25 September 2006

Out and about

On Saturday, my mum took me and my daughter down to visit my sister in Reading. It was an absolutely fabulous day of "doing lunch" and shopping. None of us are particularly girly, but it was lovely for the three of us to get out and gossip like we used to when my sister and I both lived at home.

It was great for us to have some "fun" time - and for my mum to relax a bit - as things with my grandparents have not been great. My grandfather has had a pacemaker fitted - which is good, as he now seems to be incredibly well, but he only had it fitted because he collapsed at home, which was scary. My grandmother has had a fit (we feared that it may be another stroke) and is even more confused than before. It is hard work for my mum and aunt looking after them on top of it being very upsetting to see my once fiercely independent gran reduced to needing help with washing, dressing, using the toilet and so on. However, things there seem to be stabilising for now, so we all keep our fingers crossed and pray daily for small miracles on their behalf.

It was also incredibly liberating for me to be able to go out with my daughter for a whole day without having to dash back home to feed her. Although I ended up giving her her lunch on a bench outside M&S, we were still able to be out for the best part of 5 hours without too many problems. Suddenly I can see me getting out a lot more once N goes back to work.

Sadly for me, N will be back at work in 3 weeks. I'm really going to miss him. It's great that he's got himself a job, and I know he'll really enjoy his job there, but I have absolutely loved the last 6 months of the two of us being at home together with our daughter, and I'm really sad to be giving that up.

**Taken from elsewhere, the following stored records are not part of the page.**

lemma A_part_1_le_dominant_hook_parts:
  assumes "t < a"
  shows "A_part \<mu> l 1 + (b + t) - min b (\<mu> 1) \<le> dominant (sort (hook_parts \<mu> \<nu> l a b)) ! (b + t)"
proof -
  let ?e = "hook_parts \<mu> \<nu> l a b"
  have "\<not> A_part \<mu> l r < A_part \<mu> l 1" if "1 \<le> r" "r \<le> a" for r
    using A_part_strict_mono[of 1 r] that by (cases "r = 1") auto
  then have no_A: "{r \<in> {1..a}. A_part \<mu> l r < A_part \<mu> l 1} = {}" by auto
  have "{r \<in> {1..b}. B_part \<nu> l r < A_part \<mu> l 1} \<subseteq> {1..min b (\<mu> 1)}"
  proof (intro subsetI)
    fix r assume r: "r \<in> {r \<in> {1..b}. B_part \<nu> l r < A_part \<mu> l 1}"
    show "r \<in> {1..min b (\<mu> 1)}"
    proof (rule ccontr)
      assume r_large: "r \<notin> {1..min b (\<mu> 1)}"
      then have "\<nu> r = 0" using r assms \<nu>_vanish by auto
      then show False using r r_large unfolding A_part_def B_part_def by auto
    qed
  qed
  then have "card {r \<in> {1..b}. B_part \<nu> l r < A_part \<mu> l 1} \<le> min b (\<mu> 1)"
    by (rule card_le_of_subset_atLeastAtMost)
  then have c: "count_less ?e (A_part \<mu> l 1) \<le> min b (\<mu> 1)"
    unfolding count_less_hook_parts no_A by simp
  then have "A_part \<mu> l 1 + (b + t) - count_less ?e (A_part \<mu> l 1) \<le> dominant (sort ?e) ! (b + t)"
    using dominant_sort_nth_ge[of "A_part \<mu> l 1" ?e "b + t"] assms
    by (simp add: set_hook_parts length_hook_parts)
  then show ?thesis using c by linarith
qed

lemma dominant_hook_parts_ge:
  assumes "t < a"
  shows "l + t + max b (\<mu> (Suc t)) \<le> dominant (sort (hook_parts \<mu> \<nu> l a b)) ! (b + t)"
  using A_part_Suc_le_dominant_hook_parts[OF assms] A_part_1_le_dominant_hook_parts[OF assms]
    min.cobounded2[of b "\<mu> 1"]
  unfolding A_part_def max_def by (simp split: if_split) linarith

lemma dominant_hook_parts:
  "t < a \<Longrightarrow> dominant (sort (hook_parts \<mu> \<nu> l a b)) ! (b + t) = l + t + max b (\<mu> (Suc t))"
  using dominant_hook_parts_le dominant_hook_parts_ge by (rule order.antisym)

end

definition lin_prod :: "'a::comm_ring_1 \<Rightarrow> 'a \<Rightarrow> int \<Rightarrow> int \<Rightarrow> 'a" where
  "lin_prod h w \<alpha> \<beta> = (\<Prod>t\<in>{\<alpha><..\<beta>}. w + of_int t * h)"

lemma prod_eq_lin_prod_up:
  "(\<Prod>j=1..c. w + of_int (\<alpha> + int j) * h) = lin_prod h w \<alpha> (\<alpha> + int c)"
  unfolding lin_prod_def
  by (rule prod.reindex_bij_witness[of _ "\<lambda>t. nat (t - \<alpha>)" "\<lambda>j. \<alpha> + int j"]) auto

lemma prod_eq_lin_prod_down:
  "(\<Prod>j=1..c. w + of_int (\<beta> + 1 - int j) * h) = lin_prod h w (\<beta> - int c) \<beta>"
  unfolding lin_prod_def
  by (rule prod.reindex_bij_witness[of _ "\<lambda>t. nat (\<beta> + 1 - t)" "\<lambda>j. \<beta> + 1 - int j"]) auto

lemma lin_prod_split:
  assumes "\<alpha> \<le> \<beta>" "\<beta> \<le> \<gamma>"
  shows "lin_prod h w \<alpha> \<gamma> = lin_prod h w \<alpha> \<beta> * lin_prod h w \<beta> \<gamma>"
proof -
  have "{\<alpha><..\<gamma>} = {\<alpha><..\<beta>} \<union> {\<beta><..\<gamma>}" using assms by auto
  then show ?thesis unfolding lin_prod_def by (simp add: prod.union_disjoint ivl_disj_int)
qed

lemma lin_prod_min_max:
  fixes B L l :: nat
  shows "lin_prod h w (u - int B) (u - int B + int (min B L)) *
           lin_prod h w (u - int l) (u - int B + int (max B L))
       = lin_prod h w (u - int B) (u - int B + int L) * lin_prod h w (u - int l) u"
proof (cases "L \<le> B")
  case False
  then have "lin_prod h w (u - int l) (u - int B + int L)
      = lin_prod h w (u - int l) u * lin_prod h w u (u - int B + int L)"
    and "lin_prod h w (u - int B) (u - int B + int L)
      = lin_prod h w (u - int B) u * lin_prod h w u (u - int B + int L)"
    by (auto intro: lin_prod_split)
  with False show ?thesis by (simp add: max_def min_def ac_simps)
qed (simp add: min_def max_def)
(* In the hierarchical partition construction described in the context, for every level $j$ and every $S\in\mathcal S_j$, the number of sets $S'\in\mathcal S_j$ (including $S$ itself) that $S$ knows is at most $\lambda^{3+\eta}$. Equivalently, $\bigcup\{B_{r_j}(v):v\in S\}$ intersects at most $\lambda^{3+\eta}$ sets of $\mathcal S_j$.
   Context: Let $(V,d)$ be a finite metric space with $|V|\ge 2$ which is doubling with constant $\lambda$: for every $v\in V$ and $r>0$ the open ball $B_{2r}(v)=\{u:d(u,v)<2r\}$ is contained in the union of at most $\lambda$ open balls $B_r(w)$, $w\in V$. Fix an integer $\eta\ge2$ and a real $\tau$ with $1+\frac{1}{2^{\eta-1}-1}\le\tau\le 2^{\eta}$. For $L\subseteq V$ and $r>0$, a greedy partition of $L$ with parameter $r$ is obtained by: set $L_0=L$; while $L_i\ne\emptyset$ choose any $v_i\in L_i$, let $P_i=\{u\in L_i: d(u,v_i)<2^{-\eta-1}r\}$ with leader $v_i$, and set $L_{i+1}=L_i\setminus P_i$. Hierarchical partition construction: choose $r_0$ with $0<r_0<\min_{u\ne v}d(u,v)$ and put $r_j=\tau^j r_0$. Let $\mathcal S_0=\{\{v\}:v\in V\}$, the leader of $\{v\}$ being $v$. While $\mathcal S_j$ has more than one element: let $L_j$ be the set of leaders of the sets in $\mathcal S_j$, let $\mathcal S'_{j+1}$ be a greedy partition of $L_j$ with parameter $2r_{j+1}$, and let $\mathcal S_{j+1}$ consist, for each $P\in\mathcal S'_{j+1}$, of the set $\bigcup\{S\in\mathcal S_j:\mathrm{leader}(S)\in P\}$, whose leader is defined to be the leader of $P$. Each $\mathcal S_j$ is a partition of $V$. For $S,S'\in\mathcal S_j$, $S$ knows $S'$ (at level $j$) if there are $v\in S$, $u\in S'$ with $d(v,u)<r_j$; $B_r(v)$ denotes the open ball $\{u\in V:d(u,v)<r\}$. *)

theory Defs
  imports Complex_Main
begin

definition metric_on :: "'a set \<Rightarrow> ('a \<Rightarrow> 'a \<Rightarrow> real) \<Rightarrow> bool" where
  "metric_on V d \<longleftrightarrow>
     (\<forall>u\<in>V. \<forall>v\<in>V. d u v = 0 \<longleftrightarrow> u = v) \<and>
     (\<forall>u\<in>V. \<forall>v\<in>V. d u v = d v u) \<and>
     (\<forall>u\<in>V. \<forall>v\<in>V. \<forall>w\<in>V. d u w \<le> d u v + d v w)"

definition oball :: "'a set \<Rightarrow> ('a \<Rightarrow> 'a \<Rightarrow> real) \<Rightarrow> 'a \<Rightarrow> real \<Rightarrow> 'a set" where
  "oball V d v r = {u \<in> V. d u v < r}"

definition doubling :: "'a set \<Rightarrow> ('a \<Rightarrow> 'a \<Rightarrow> real) \<Rightarrow> nat \<Rightarrow> bool" where
  "doubling V d lam \<longleftrightarrow>
     (\<forall>v\<in>V. \<forall>r>0. \<exists>W. W \<subseteq> V \<and> card W \<le> lam \<and>
        oball V d v (2 * r) \<subseteq> (\<Union>w\<in>W. oball V d w r))"

text \<open>Greedy partition of L with parameter r (and fixed eta): the result is a set of pairs
  (leader, part). Each run of the nondeterministic greedy procedure yields such a set.\<close>
inductive greedy_part :: "('a \<Rightarrow> 'a \<Rightarrow> real) \<Rightarrow> nat \<Rightarrow> real \<Rightarrow> 'a set \<Rightarrow> ('a \<times> 'a set) set \<Rightarrow> bool"
  for d :: "'a \<Rightarrow> 'a \<Rightarrow> real" and eta :: nat and r :: real where
  empty: "greedy_part d eta r {} {}"
| step: "\<lbrakk> v \<in> L; P = {u \<in> L. d u v < r / 2 ^ (eta + 1)};
           greedy_part d eta r (L - P) R \<rbrakk>
         \<Longrightarrow> greedy_part d eta r L (insert (v, P) R)"

definition hier_step :: "('a \<Rightarrow> 'a \<Rightarrow> real) \<Rightarrow> nat \<Rightarrow> real \<Rightarrow>
     ('a \<times> 'a set) set \<Rightarrow> ('a \<times> 'a set) set \<Rightarrow> bool" where
  "hier_step d eta rnext Sj Sj' \<longleftrightarrow>
     (\<exists>P'. greedy_part d eta (2 * rnext) (fst ` Sj) P' \<and>
        Sj' = (\<lambda>(l, P). (l, \<Union>{S. \<exists>l'. (l', S) \<in> Sj \<and> l' \<in> P})) ` P')"

text \<open>S 0, ..., S N are the first N+1 levels of a run of the hierarchical partition
  construction with r_j = tau^j * r0 (the loop body executed while there is more than one set).\<close>
definition hier_run :: "'a set \<Rightarrow> ('a \<Rightarrow> 'a \<Rightarrow> real) \<Rightarrow> nat \<Rightarrow> real \<Rightarrow> real \<Rightarrow>
     (nat \<Rightarrow> ('a \<times> 'a set) set) \<Rightarrow> nat \<Rightarrow> bool" where
  "hier_run V d eta tau r0 S N \<longleftrightarrow>
     0 < r0 \<and> (\<forall>u\<in>V. \<forall>v\<in>V. u \<noteq> v \<longrightarrow> r0 < d u v) \<and>
     S 0 = (\<lambda>v. (v, {v})) ` V \<and>
     (\<forall>j<N. card (S j) > 1 \<and> hier_step d eta (tau ^ (Suc j) * r0) (S j) (S (Suc j)))"

definition knows :: "('a \<Rightarrow> 'a \<Rightarrow> real) \<Rightarrow> real \<Rightarrow> 'a set \<Rightarrow> 'a set \<Rightarrow> bool" where
  "knows d rj S S' \<longleftrightarrow> (\<exists>v\<in>S. \<exists>u\<in>S'. d v u < rj)"

end

theory Submission
  imports Defs
begin

text \<open>
  Call a level R (a set of pairs (leader, part)) well-formed with radius rad
  and separation sep if every point of a part lies within rad of its leader and distinct
  pairs have leaders at distance at least sep.  Level 0 is well-formed with radius r0/2 and
  separation r0/2^eta; one step of the construction with parameter 2 r_{j+1} turns radius rad
  into rad + r_{j+1}/2^eta and gives separation r_{j+1}/2^eta (greedy partitions).  The
  hypothesis on tau makes the radius recurrence close up, so level j is well-formed with
  radius r_j/2 and separation r_j/2^eta.  If T knows T' at level j, the leader of T' lies
  within 2 r_j of the leader of T; these leaders are r_j/2^eta-separated, and a packing
  bound derived from the doubling property (iterated eta+2 times) shows there are at most
  lam^(eta+2) \<le> lam^(3+eta) of them.  Since leaders determine pairs, this bounds the
  number of known parts.
\<close>

lemma metric_onD:
  assumes "metric_on V d"
  shows metric_refl: "\<And>u. u \<in> V \<Longrightarrow> d u u = 0"
    and metric_sym: "\<And>u v. u \<in> V \<Longrightarrow> v \<in> V \<Longrightarrow> d u v = d v u"
    and metric_triangle: "\<And>u v w. u \<in> V \<Longrightarrow> v \<in> V \<Longrightarrow> w \<in> V \<Longrightarrow> d u w \<le> d u v + d v w"
  using assms unfolding metric_on_def by blast+
(* Let $k$ be a positive integer and let $G$ be an $n$-vertex connected graph with $\operatorname{diam}(G)\ge k+1$ and minimum degree $\delta$. Let $S$ be a $k$-independent set in $G$, and let $i$ be an integer with $3\le i\le \frac{k}{2}-1$. Then $$|N^{i-1}(S)|+|N^i(S)|+|N^{i+1}(S)|\ge 3|S|,$$ and, if $\delta\ge 2$, $$|N^{i-1}(S)|+|N^i(S)|+|N^{i+1}(S)|\ge (\delta+1)|S|.$$
   Context: All graphs are finite, simple and undirected. For vertices $u,v$, $d(u,v)$ is the length of a shortest $u$–$v$ path, and $\operatorname{diam}(G)$ is the maximum distance between two vertices. For a nonnegative integer $k$, a $k$-independent set in $G$ is a set $S\subseteq V(G)$ such that any two distinct vertices of $S$ are at distance greater than $k$. For $S\subseteq V(G)$, $N(S)$ denotes the set of vertices adjacent to some vertex of $S$. Set $N^0(S)=S$, $N^1(S)=N(S)$, and for $j\ge 2$, $N^j(S)=N(N^{j-1}(S))\setminus\bigl(N^{j-2}(S)\cup N^{j-1}(S)\bigr)$. *)

theory Defs
  imports Main
begin

definition simple_graph :: "'a set \<Rightarrow> ('a \<Rightarrow> 'a \<Rightarrow> bool) \<Rightarrow> bool" where
  "simple_graph V E \<longleftrightarrow> finite V \<and> (\<forall>u v. E u v \<longrightarrow> u \<in> V \<and> v \<in> V)
     \<and> (\<forall>u v. E u v \<longrightarrow> E v u) \<and> (\<forall>u. \<not> E u u)"

definition walk_of_len :: "('a \<Rightarrow> 'a \<Rightarrow> bool) \<Rightarrow> 'a \<Rightarrow> 'a \<Rightarrow> nat \<Rightarrow> bool" where
  "walk_of_len E u v n \<longleftrightarrow> (\<exists>xs. length xs = Suc n \<and> xs ! 0 = u \<and> xs ! n = v
     \<and> (\<forall>j<n. E (xs ! j) (xs ! Suc j)))"

definition connected_graph :: "'a set \<Rightarrow> ('a \<Rightarrow> 'a \<Rightarrow> bool) \<Rightarrow> bool" where
  "connected_graph V E \<longleftrightarrow> (\<forall>u\<in>V. \<forall>v\<in>V. \<exists>n. walk_of_len E u v n)"

definition gdist :: "('a \<Rightarrow> 'a \<Rightarrow> bool) \<Rightarrow> 'a \<Rightarrow> 'a \<Rightarrow> nat" where
  "gdist E u v = (LEAST n. walk_of_len E u v n)"

definition diam :: "'a set \<Rightarrow> ('a \<Rightarrow> 'a \<Rightarrow> bool) \<Rightarrow> nat" where
  "diam V E = Max {gdist E u v | u v. u \<in> V \<and> v \<in> V}"

definition min_degree :: "'a set \<Rightarrow> ('a \<Rightarrow> 'a \<Rightarrow> bool) \<Rightarrow> nat" where
  "min_degree V E = Min {card {v \<in> V. E u v} | u. u \<in> V}"

definition k_independent :: "'a set \<Rightarrow> ('a \<Rightarrow> 'a \<Rightarrow> bool) \<Rightarrow> nat \<Rightarrow> 'a set \<Rightarrow> bool" where
  "k_independent V E k S \<longleftrightarrow> S \<subseteq> V \<and> (\<forall>u\<in>S. \<forall>v\<in>S. u \<noteq> v \<longrightarrow> gdist E u v > k)"

definition nbhd :: "'a set \<Rightarrow> ('a \<Rightarrow> 'a \<Rightarrow> bool) \<Rightarrow> 'a set \<Rightarrow> 'a set" where
  "nbhd V E S = {v \<in> V. \<exists>u\<in>S. E u v}"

It's only because we were both made redundant before our daughter was born (me voluntarily, N compulsorily) that we could afford to be at home together, but I am so glad that we could. Apart from the fact that N has kept me sane and we have helped each other through the difficult patches, it has given us a chance to spend the quality time together that I thought we would have lost due to the unexpected pregnancy. We had originally planned to be married for a year before starting a family (but our daughter had other ideas!) and one of my biggest fears was that we would lose part of our relationship because we didn't have the year to enjoy being married that we had planned to have. Having this time off though, N and I are now closer than ever and I'm suddenly very conscious of just how much we have going for us.

I'm aware that we're extremely lucky to have even been able to have this time, and that it will be good for us to get back to what will be long-term normality, but it is going to be a major change and I will miss it, and N, hugely.

1 comment:

Emily said...

Hello

It will be a change. Hopefully one you can adapt to without too much pain. On a much much smaller scale, I get that sadness after every summer. Mike is a teacher and we have six weeks off together having fun (although I do work part time, I am a freelance so pretty flexible). When it is September he goes back, the weather turns and it seems rather lonely without him joking around.

You had a wonderful six months though. How is it going now?